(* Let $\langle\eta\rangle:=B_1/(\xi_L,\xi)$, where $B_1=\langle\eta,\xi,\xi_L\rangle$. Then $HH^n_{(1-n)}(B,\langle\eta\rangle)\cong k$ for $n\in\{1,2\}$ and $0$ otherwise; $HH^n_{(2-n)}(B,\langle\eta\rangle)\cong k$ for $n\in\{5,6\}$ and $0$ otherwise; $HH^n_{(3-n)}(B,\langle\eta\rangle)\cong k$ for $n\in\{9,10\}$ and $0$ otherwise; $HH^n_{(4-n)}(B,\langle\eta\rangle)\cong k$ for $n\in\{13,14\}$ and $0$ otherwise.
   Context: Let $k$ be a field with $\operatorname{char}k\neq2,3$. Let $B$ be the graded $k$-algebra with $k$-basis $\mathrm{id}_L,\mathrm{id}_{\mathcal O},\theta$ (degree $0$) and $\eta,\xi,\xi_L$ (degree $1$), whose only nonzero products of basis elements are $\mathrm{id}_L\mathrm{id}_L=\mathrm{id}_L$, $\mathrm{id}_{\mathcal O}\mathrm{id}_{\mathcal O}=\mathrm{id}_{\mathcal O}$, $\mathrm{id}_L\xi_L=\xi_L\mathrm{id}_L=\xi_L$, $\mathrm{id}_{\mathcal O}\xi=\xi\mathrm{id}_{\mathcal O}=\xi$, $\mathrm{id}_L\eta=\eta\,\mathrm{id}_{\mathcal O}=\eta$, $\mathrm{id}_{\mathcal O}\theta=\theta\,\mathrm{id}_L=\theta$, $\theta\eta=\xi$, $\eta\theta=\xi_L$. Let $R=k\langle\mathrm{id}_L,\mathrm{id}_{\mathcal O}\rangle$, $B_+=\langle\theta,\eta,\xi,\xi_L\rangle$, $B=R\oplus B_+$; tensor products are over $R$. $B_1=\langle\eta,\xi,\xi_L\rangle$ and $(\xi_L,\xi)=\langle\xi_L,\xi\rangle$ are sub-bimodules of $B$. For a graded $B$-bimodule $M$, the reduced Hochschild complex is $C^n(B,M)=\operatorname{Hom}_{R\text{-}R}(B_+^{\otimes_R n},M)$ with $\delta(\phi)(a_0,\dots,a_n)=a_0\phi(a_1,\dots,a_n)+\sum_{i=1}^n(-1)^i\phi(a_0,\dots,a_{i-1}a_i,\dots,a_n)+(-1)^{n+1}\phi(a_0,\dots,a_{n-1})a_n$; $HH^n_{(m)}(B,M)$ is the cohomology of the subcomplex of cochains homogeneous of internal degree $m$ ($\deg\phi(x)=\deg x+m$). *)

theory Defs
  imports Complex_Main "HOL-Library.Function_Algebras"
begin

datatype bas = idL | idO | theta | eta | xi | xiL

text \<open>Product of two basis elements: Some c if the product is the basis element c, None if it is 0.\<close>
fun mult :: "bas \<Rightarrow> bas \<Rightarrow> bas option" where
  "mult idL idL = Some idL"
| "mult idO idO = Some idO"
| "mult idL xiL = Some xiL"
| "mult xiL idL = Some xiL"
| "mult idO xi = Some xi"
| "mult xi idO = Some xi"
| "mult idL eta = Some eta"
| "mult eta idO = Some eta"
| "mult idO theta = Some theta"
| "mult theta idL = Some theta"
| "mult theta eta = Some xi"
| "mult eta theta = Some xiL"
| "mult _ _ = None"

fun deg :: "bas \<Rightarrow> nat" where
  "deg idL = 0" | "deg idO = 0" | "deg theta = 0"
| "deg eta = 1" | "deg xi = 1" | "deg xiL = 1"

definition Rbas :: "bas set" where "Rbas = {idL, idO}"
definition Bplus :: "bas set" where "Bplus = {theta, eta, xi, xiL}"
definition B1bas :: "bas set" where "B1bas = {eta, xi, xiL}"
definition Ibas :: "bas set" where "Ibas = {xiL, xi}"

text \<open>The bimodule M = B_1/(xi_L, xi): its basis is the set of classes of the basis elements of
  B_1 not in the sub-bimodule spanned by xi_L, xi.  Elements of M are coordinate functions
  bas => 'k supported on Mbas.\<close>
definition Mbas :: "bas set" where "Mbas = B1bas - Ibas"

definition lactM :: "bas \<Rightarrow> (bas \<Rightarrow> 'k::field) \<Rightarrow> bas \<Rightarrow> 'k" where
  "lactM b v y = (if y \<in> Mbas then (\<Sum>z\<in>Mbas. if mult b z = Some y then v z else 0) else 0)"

...

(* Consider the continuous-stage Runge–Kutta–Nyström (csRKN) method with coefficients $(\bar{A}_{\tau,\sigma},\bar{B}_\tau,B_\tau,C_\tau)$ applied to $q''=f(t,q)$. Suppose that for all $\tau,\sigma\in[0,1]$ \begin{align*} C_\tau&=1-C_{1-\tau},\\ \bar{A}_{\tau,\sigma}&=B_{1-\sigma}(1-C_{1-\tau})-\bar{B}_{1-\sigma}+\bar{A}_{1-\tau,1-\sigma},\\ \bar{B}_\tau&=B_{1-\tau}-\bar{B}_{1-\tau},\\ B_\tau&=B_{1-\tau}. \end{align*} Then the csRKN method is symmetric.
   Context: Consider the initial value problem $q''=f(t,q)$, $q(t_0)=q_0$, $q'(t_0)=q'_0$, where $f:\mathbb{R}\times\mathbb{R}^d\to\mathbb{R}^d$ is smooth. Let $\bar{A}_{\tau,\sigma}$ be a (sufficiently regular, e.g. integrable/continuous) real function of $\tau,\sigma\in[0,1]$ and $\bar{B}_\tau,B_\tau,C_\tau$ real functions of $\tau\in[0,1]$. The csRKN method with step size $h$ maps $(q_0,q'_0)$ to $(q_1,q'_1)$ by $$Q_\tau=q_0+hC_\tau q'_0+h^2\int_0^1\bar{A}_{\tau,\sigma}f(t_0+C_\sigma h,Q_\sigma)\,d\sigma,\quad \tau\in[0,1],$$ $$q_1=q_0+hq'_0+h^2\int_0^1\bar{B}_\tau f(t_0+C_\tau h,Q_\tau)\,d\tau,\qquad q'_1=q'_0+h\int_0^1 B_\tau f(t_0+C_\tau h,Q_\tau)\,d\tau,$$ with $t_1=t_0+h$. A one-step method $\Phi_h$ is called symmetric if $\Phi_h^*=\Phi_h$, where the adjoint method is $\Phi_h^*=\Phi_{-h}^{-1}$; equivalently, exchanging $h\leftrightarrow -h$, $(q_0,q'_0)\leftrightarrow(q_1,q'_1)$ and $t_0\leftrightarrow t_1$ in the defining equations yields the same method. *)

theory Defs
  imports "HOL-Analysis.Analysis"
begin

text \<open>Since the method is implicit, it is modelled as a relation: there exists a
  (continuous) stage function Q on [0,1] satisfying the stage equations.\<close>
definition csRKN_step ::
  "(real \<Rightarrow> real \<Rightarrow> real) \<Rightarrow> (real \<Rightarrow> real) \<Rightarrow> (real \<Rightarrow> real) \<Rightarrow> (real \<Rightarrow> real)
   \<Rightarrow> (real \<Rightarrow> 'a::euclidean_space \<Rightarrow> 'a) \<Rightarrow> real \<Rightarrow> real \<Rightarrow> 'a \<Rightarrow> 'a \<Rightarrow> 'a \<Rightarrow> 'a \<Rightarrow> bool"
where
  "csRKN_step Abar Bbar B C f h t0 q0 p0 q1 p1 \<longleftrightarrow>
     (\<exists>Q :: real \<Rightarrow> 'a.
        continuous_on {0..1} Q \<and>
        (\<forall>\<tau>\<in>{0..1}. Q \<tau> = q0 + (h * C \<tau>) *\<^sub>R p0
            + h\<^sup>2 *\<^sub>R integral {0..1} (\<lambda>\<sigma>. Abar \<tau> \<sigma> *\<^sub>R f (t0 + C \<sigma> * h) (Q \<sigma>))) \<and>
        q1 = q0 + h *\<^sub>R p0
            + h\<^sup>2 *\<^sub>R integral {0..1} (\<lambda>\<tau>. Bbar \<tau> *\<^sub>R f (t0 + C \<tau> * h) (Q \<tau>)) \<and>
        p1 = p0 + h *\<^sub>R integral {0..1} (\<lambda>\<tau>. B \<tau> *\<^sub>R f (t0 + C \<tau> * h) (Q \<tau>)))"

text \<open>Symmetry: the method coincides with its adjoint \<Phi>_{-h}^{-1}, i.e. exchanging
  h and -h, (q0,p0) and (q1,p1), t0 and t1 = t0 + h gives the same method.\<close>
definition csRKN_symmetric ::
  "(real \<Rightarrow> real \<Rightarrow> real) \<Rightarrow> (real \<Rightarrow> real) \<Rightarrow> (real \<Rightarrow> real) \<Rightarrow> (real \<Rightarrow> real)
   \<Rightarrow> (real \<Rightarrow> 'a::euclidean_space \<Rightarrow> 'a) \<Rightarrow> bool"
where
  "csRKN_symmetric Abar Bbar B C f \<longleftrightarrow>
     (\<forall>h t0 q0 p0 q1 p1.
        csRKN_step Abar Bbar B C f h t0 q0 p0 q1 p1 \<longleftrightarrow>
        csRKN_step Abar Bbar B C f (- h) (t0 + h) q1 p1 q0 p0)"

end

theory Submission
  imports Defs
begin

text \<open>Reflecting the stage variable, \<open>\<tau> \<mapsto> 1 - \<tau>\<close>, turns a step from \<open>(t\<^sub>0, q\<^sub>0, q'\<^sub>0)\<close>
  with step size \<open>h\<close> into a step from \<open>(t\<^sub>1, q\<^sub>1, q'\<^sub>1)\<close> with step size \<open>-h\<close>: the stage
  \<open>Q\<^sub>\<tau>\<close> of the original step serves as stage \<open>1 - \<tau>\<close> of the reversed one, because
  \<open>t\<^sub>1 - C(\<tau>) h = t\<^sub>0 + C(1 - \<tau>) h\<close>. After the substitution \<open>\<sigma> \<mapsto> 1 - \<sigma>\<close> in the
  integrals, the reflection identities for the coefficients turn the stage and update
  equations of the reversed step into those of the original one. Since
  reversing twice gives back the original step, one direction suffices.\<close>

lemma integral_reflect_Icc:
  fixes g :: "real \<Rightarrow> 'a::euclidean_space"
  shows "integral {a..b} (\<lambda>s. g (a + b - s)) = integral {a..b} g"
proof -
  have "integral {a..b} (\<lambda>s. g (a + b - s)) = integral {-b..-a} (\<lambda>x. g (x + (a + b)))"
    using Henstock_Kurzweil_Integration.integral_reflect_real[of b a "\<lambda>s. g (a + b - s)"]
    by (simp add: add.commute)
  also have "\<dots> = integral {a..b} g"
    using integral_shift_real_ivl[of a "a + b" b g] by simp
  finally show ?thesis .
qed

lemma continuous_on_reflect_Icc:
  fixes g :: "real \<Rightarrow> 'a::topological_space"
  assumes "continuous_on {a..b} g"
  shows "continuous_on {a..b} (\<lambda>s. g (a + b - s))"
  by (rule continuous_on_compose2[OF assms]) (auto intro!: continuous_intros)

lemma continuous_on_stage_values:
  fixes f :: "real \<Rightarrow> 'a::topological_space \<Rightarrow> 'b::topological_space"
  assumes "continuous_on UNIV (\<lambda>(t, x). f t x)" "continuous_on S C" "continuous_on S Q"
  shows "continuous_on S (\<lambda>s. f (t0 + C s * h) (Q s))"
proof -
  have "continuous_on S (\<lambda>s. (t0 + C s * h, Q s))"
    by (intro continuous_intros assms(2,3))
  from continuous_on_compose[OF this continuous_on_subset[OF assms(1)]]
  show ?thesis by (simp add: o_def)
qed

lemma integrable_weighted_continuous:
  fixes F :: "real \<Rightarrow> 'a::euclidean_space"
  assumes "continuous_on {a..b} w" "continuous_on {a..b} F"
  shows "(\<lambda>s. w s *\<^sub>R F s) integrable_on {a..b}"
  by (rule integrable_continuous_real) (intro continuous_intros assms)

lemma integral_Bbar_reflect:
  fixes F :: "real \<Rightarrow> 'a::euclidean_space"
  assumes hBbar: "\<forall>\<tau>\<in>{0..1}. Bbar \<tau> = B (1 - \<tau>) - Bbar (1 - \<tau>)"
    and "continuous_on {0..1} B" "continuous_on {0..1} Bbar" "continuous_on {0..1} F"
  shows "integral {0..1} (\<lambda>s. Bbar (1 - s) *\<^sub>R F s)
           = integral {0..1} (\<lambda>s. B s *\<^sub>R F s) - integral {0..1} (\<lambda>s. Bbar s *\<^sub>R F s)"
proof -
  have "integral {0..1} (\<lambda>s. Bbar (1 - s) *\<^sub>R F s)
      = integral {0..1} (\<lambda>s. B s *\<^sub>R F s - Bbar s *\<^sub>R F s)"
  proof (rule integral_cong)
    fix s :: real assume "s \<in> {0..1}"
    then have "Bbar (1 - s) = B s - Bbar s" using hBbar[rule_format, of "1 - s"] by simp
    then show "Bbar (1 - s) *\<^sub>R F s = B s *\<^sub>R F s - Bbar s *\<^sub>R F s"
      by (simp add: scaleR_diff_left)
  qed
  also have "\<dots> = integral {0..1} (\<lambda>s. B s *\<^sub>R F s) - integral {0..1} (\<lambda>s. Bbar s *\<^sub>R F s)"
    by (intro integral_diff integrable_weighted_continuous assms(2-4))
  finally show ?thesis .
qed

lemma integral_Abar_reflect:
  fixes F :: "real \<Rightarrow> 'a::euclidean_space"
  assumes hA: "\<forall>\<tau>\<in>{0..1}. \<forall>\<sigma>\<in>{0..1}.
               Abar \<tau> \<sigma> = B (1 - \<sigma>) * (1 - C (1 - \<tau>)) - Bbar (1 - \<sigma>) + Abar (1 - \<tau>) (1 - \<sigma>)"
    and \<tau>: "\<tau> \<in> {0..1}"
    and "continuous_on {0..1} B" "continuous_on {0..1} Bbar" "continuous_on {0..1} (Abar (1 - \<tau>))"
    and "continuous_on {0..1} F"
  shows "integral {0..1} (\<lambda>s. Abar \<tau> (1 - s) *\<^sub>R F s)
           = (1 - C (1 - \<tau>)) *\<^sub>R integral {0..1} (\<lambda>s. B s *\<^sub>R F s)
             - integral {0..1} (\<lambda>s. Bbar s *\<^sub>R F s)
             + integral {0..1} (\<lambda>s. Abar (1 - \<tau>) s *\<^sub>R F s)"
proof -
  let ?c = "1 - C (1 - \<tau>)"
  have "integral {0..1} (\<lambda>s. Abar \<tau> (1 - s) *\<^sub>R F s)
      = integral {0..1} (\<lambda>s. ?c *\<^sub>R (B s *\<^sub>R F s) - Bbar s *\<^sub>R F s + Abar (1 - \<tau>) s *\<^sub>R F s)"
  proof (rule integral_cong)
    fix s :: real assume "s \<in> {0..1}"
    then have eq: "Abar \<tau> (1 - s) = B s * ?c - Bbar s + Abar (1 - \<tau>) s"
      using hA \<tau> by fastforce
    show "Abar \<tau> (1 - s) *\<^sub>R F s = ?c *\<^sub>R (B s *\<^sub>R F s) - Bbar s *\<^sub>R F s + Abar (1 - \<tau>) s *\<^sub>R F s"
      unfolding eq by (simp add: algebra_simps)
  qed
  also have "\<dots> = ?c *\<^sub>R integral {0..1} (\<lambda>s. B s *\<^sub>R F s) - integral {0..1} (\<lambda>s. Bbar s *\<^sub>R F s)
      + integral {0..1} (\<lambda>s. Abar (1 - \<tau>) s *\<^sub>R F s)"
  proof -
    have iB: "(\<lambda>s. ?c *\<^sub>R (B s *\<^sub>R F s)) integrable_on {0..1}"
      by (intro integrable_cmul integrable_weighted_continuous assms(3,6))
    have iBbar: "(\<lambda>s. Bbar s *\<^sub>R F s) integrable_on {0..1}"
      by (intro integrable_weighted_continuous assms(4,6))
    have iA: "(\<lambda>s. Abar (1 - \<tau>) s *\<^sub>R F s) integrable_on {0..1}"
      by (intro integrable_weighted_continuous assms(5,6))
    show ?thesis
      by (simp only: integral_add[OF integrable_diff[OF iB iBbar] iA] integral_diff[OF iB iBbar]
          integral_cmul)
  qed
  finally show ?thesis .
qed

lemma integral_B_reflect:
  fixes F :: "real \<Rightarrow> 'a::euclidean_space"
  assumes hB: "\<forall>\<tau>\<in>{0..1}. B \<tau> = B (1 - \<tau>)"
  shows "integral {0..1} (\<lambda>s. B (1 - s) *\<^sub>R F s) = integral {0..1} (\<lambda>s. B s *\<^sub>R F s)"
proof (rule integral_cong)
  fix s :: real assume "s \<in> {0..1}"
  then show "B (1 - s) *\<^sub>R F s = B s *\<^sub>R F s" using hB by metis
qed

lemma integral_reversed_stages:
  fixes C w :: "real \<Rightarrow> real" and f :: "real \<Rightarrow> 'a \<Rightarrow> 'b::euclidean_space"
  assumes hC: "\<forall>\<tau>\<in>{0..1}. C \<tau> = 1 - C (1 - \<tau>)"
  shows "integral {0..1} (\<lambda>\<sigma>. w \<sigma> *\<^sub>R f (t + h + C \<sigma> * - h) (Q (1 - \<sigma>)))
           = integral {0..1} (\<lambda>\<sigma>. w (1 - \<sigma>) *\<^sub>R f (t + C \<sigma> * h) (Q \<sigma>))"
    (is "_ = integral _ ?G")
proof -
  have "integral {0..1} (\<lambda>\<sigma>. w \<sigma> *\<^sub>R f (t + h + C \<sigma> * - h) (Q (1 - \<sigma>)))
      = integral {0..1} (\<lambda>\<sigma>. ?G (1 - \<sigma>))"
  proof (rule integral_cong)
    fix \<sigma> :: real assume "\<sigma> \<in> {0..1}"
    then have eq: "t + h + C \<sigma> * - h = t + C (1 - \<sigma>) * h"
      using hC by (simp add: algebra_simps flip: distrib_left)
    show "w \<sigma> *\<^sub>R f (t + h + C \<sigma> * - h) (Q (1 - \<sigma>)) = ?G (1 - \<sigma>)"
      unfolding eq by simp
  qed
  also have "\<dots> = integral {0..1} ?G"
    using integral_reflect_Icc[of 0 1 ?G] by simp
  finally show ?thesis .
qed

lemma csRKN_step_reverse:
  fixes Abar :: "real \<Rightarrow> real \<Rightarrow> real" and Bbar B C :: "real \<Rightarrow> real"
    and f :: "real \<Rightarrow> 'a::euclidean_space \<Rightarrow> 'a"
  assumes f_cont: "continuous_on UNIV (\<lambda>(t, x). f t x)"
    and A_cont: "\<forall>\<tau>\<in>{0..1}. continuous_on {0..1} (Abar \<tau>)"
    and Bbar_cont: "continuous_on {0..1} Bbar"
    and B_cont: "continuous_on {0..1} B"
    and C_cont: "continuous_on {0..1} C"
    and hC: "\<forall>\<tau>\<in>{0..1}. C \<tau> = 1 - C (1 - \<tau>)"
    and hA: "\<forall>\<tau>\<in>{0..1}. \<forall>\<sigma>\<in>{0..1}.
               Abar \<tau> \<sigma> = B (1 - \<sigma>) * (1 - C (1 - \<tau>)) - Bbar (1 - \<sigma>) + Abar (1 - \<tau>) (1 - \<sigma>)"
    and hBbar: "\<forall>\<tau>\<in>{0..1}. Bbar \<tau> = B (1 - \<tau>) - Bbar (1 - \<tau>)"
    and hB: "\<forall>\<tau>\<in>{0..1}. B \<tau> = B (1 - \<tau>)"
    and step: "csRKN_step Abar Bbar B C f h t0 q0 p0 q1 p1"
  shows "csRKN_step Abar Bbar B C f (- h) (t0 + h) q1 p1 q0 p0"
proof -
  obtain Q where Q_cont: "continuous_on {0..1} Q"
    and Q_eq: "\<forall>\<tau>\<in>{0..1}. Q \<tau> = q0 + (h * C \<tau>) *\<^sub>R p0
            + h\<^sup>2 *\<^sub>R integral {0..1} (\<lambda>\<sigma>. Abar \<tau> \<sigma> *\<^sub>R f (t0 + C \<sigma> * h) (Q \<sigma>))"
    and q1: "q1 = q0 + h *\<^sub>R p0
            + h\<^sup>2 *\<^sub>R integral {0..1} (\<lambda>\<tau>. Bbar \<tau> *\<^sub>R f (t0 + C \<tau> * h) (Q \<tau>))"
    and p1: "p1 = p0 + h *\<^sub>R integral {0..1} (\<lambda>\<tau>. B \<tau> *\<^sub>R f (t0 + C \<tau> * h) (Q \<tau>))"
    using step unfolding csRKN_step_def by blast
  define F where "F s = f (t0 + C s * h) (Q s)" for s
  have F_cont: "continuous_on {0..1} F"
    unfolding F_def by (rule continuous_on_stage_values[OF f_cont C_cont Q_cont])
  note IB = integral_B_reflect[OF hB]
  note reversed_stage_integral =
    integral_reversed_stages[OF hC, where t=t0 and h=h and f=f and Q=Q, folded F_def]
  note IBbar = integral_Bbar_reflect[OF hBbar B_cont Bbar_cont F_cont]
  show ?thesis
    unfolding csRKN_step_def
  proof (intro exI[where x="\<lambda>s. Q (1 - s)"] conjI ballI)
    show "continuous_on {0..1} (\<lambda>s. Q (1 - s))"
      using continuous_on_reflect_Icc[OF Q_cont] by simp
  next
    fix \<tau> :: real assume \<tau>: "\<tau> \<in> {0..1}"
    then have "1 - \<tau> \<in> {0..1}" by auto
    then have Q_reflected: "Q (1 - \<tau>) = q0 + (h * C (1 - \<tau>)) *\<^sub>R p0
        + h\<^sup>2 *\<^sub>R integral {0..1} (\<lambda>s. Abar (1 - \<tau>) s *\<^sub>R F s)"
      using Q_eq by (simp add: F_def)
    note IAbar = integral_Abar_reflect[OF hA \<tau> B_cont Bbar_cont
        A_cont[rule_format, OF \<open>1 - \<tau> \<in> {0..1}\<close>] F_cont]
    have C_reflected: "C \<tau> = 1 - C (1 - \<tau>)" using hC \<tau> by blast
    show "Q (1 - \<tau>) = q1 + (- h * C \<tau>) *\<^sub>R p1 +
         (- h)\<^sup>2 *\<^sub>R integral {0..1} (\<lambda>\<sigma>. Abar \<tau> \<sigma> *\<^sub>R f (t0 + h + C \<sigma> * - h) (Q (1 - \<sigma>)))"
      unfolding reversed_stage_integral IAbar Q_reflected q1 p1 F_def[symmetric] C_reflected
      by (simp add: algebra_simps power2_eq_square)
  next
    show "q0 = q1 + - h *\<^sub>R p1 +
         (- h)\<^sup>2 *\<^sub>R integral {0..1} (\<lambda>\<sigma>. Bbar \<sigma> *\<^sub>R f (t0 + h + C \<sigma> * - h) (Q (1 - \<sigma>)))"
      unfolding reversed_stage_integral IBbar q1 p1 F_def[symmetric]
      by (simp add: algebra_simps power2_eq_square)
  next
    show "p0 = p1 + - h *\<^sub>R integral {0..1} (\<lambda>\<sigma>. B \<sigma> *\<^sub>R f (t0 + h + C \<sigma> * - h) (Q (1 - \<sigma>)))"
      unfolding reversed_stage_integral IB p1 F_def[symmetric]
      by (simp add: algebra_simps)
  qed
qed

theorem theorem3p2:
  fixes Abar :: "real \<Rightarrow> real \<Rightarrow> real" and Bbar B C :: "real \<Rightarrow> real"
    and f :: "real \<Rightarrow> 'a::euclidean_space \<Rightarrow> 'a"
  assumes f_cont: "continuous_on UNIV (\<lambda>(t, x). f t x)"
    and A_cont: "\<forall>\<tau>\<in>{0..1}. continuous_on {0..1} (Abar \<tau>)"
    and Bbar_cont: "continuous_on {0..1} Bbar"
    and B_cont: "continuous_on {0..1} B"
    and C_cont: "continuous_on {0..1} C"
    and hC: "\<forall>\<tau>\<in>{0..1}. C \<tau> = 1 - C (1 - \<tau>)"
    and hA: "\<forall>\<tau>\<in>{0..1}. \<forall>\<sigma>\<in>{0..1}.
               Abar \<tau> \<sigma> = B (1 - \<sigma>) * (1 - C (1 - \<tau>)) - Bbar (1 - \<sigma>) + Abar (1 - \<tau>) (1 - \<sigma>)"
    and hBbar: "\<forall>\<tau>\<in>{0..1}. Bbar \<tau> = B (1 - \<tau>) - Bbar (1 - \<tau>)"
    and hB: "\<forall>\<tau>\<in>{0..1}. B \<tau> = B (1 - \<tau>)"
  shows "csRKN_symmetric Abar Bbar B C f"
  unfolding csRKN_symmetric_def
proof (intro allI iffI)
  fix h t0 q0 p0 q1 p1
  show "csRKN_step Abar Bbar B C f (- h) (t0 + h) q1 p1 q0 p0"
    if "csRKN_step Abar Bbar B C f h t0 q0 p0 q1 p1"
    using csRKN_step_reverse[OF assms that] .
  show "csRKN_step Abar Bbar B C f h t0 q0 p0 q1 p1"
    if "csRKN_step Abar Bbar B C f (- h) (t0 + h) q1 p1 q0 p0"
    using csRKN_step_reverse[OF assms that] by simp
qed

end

- Task instructions:
Search the entries for the string "also" and return each line where it turns up.

- Response for this exercise:
  also have "\<dots> = integral {a..b} g"
  also have "\<dots> = integral {0..1} (\<lambda>s. B s *\<^sub>R F s) - integral {0..1} (\<lambda>s. Bbar s *\<^sub>R F s)"
  also have "\<dots> = ?c *\<^sub>R integral {0..1} (\<lambda>s. B s *\<^sub>R F s) - integral {0..1} (\<lambda>s. Bbar s *\<^sub>R F s)
  also have "\<dots> = integral {0..1} ?G"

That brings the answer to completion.